[REQUIREMENT] Please return every line below that contains the string "which".

[DATA FOR THIS TASK]
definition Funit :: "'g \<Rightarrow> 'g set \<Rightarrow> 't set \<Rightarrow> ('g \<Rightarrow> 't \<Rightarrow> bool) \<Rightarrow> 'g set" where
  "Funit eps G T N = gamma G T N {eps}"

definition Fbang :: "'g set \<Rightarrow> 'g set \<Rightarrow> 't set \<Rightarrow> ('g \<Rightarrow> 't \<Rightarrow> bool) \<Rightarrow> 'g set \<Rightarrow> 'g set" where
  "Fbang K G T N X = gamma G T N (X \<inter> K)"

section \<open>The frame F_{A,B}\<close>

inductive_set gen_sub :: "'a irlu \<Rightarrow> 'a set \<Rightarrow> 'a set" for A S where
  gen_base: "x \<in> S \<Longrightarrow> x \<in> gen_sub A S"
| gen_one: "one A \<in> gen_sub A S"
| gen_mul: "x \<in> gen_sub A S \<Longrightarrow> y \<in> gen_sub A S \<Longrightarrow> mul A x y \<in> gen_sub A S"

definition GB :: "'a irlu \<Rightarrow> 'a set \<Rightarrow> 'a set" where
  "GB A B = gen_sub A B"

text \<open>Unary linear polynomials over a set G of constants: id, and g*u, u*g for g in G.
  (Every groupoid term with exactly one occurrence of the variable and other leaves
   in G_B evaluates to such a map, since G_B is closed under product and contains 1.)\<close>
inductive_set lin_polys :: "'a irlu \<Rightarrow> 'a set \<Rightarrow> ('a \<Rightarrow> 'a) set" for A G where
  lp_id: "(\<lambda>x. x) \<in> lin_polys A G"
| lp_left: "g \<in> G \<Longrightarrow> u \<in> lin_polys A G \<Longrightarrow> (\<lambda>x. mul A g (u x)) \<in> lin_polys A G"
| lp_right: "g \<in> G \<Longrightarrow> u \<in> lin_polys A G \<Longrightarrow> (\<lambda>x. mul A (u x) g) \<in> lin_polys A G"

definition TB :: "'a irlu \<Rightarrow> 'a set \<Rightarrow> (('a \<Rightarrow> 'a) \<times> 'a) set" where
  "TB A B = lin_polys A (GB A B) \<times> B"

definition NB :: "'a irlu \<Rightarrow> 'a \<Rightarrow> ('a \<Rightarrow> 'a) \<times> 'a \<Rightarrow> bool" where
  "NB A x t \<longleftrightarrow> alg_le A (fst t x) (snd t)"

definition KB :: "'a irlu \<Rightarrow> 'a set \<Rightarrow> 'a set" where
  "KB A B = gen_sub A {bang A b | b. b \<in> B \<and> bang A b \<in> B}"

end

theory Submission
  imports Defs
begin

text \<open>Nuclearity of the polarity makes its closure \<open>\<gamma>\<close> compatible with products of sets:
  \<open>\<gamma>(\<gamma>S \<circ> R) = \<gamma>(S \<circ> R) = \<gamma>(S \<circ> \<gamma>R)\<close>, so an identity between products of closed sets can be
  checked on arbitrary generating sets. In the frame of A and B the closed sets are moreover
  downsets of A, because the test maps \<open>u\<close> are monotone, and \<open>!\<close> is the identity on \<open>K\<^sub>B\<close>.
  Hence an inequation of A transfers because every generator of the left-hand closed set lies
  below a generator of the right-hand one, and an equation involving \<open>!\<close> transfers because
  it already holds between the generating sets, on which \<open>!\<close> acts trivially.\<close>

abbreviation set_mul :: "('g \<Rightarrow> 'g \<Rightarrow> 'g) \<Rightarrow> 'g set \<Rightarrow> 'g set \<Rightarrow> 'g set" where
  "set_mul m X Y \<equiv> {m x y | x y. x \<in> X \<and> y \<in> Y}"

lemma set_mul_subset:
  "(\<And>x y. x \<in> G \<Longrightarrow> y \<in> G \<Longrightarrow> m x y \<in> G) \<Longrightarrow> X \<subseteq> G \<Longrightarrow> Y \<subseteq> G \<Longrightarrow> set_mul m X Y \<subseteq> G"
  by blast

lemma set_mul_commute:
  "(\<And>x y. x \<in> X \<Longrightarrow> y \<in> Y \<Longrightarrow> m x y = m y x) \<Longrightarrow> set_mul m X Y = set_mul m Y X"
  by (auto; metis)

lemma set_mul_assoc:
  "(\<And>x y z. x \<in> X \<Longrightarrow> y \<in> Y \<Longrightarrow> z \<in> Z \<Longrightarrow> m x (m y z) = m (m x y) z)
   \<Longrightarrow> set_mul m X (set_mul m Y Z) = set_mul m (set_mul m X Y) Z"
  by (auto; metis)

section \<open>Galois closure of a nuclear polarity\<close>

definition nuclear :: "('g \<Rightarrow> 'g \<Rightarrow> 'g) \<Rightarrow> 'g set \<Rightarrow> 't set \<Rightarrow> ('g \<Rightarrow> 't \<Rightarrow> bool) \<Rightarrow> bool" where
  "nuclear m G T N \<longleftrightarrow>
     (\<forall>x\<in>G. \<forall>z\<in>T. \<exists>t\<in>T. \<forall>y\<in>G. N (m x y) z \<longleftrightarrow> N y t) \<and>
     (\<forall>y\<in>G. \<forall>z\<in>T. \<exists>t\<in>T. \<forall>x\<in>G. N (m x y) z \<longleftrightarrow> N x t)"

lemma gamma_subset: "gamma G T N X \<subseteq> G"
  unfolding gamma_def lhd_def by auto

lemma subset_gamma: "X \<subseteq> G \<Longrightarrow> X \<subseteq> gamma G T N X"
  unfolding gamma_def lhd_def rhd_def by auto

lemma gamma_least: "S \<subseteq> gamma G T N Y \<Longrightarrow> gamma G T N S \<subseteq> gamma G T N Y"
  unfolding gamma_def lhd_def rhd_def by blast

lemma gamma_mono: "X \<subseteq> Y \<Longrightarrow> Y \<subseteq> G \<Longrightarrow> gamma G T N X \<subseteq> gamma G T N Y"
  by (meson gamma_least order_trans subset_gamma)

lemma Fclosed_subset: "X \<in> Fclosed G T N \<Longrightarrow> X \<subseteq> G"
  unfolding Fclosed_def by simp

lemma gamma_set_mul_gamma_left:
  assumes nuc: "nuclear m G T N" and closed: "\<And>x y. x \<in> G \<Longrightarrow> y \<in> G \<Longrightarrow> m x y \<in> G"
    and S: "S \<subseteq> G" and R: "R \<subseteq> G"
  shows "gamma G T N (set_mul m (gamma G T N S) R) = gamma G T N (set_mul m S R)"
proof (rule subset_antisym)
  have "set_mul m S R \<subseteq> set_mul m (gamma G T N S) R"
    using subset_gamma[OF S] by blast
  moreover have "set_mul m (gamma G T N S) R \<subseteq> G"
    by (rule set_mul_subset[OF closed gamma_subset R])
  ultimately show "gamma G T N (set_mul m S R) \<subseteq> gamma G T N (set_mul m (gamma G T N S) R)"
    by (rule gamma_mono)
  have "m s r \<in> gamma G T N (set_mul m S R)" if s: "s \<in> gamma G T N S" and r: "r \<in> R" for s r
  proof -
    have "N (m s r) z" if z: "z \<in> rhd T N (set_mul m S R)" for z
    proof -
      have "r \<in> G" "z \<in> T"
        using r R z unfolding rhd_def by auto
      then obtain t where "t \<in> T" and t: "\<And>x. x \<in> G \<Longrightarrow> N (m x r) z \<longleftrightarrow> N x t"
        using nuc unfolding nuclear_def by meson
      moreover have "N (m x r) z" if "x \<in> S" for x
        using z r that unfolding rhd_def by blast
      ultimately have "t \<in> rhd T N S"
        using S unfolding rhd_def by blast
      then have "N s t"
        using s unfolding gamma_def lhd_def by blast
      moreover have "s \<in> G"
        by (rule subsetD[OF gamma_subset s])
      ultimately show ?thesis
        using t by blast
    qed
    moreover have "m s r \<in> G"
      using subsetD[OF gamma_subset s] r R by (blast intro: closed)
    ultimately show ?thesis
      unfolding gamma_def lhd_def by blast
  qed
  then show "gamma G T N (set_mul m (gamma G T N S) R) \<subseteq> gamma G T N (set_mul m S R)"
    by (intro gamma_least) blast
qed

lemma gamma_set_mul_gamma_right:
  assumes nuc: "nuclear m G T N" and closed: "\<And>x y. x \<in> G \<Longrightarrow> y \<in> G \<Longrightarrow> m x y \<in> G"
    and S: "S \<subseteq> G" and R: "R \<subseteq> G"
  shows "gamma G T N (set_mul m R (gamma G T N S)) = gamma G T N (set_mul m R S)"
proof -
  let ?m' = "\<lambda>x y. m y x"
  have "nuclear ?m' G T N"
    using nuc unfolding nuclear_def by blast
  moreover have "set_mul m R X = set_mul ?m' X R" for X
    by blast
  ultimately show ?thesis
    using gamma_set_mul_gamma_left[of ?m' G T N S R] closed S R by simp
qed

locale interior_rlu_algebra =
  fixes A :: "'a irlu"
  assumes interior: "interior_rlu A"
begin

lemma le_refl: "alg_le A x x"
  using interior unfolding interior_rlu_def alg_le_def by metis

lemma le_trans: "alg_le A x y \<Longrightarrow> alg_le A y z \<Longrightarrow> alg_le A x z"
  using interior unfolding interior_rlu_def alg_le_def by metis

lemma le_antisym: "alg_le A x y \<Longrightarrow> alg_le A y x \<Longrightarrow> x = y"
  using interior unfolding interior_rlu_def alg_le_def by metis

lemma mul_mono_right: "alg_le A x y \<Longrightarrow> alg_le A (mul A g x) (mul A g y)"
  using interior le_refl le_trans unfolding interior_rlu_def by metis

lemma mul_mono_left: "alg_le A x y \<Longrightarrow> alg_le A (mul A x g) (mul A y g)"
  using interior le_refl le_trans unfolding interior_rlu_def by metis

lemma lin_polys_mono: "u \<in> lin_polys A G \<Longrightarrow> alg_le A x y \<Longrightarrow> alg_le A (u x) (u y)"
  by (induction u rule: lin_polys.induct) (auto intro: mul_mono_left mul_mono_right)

--

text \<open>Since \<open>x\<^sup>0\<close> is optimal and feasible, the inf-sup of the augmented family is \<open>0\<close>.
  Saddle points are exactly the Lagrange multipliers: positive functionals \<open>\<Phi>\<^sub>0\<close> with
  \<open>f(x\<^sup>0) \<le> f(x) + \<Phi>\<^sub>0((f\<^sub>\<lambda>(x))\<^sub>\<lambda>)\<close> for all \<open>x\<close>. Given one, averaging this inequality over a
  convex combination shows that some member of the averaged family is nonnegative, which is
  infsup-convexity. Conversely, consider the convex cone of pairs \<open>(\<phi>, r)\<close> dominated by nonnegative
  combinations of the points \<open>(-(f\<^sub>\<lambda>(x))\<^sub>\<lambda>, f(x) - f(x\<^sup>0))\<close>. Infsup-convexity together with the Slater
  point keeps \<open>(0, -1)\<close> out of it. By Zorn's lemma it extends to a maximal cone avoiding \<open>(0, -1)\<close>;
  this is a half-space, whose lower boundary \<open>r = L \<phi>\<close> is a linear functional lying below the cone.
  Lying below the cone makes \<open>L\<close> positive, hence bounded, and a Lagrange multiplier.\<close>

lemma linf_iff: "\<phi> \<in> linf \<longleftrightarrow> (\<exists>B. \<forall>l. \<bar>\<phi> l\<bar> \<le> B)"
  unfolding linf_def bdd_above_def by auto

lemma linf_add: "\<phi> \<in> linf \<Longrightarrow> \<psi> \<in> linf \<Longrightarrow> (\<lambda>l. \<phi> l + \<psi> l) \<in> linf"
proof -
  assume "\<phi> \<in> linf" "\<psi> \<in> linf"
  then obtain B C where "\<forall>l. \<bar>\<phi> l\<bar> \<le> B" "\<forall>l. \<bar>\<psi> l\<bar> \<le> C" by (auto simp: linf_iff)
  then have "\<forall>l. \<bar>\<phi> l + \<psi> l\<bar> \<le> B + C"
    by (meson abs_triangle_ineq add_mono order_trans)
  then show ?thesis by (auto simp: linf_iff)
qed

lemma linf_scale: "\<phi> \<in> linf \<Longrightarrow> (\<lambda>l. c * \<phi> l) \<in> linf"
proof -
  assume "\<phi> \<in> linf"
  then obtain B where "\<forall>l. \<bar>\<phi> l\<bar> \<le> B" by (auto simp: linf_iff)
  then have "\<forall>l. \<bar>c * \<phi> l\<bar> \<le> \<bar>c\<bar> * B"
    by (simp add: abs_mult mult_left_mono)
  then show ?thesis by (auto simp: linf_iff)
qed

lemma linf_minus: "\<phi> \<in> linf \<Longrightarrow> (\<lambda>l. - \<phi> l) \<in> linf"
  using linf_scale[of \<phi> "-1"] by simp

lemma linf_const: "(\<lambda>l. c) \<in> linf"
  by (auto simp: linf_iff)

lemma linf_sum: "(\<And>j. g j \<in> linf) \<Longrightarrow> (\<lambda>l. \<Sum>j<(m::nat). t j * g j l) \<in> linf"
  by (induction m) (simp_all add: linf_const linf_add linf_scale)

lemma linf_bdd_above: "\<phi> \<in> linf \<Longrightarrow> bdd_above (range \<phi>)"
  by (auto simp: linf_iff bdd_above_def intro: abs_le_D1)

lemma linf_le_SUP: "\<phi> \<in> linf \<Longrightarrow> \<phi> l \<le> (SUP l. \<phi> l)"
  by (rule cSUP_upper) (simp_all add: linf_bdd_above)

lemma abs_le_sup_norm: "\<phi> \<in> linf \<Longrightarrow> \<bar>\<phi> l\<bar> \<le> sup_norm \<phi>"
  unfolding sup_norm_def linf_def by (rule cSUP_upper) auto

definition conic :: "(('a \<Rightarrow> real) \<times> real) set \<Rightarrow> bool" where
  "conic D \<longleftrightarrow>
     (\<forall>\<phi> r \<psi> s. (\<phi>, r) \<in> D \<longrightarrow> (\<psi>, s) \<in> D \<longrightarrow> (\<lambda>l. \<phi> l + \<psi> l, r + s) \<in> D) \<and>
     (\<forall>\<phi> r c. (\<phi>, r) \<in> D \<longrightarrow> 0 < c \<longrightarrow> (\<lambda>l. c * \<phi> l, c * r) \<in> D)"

[REPLY TO THE EXERCISE]
  it already holds between the generating sets, on which \<open>!\<close> acts trivially.\<close>
  convex combination shows that some member of the averaged family is nonnegative, which is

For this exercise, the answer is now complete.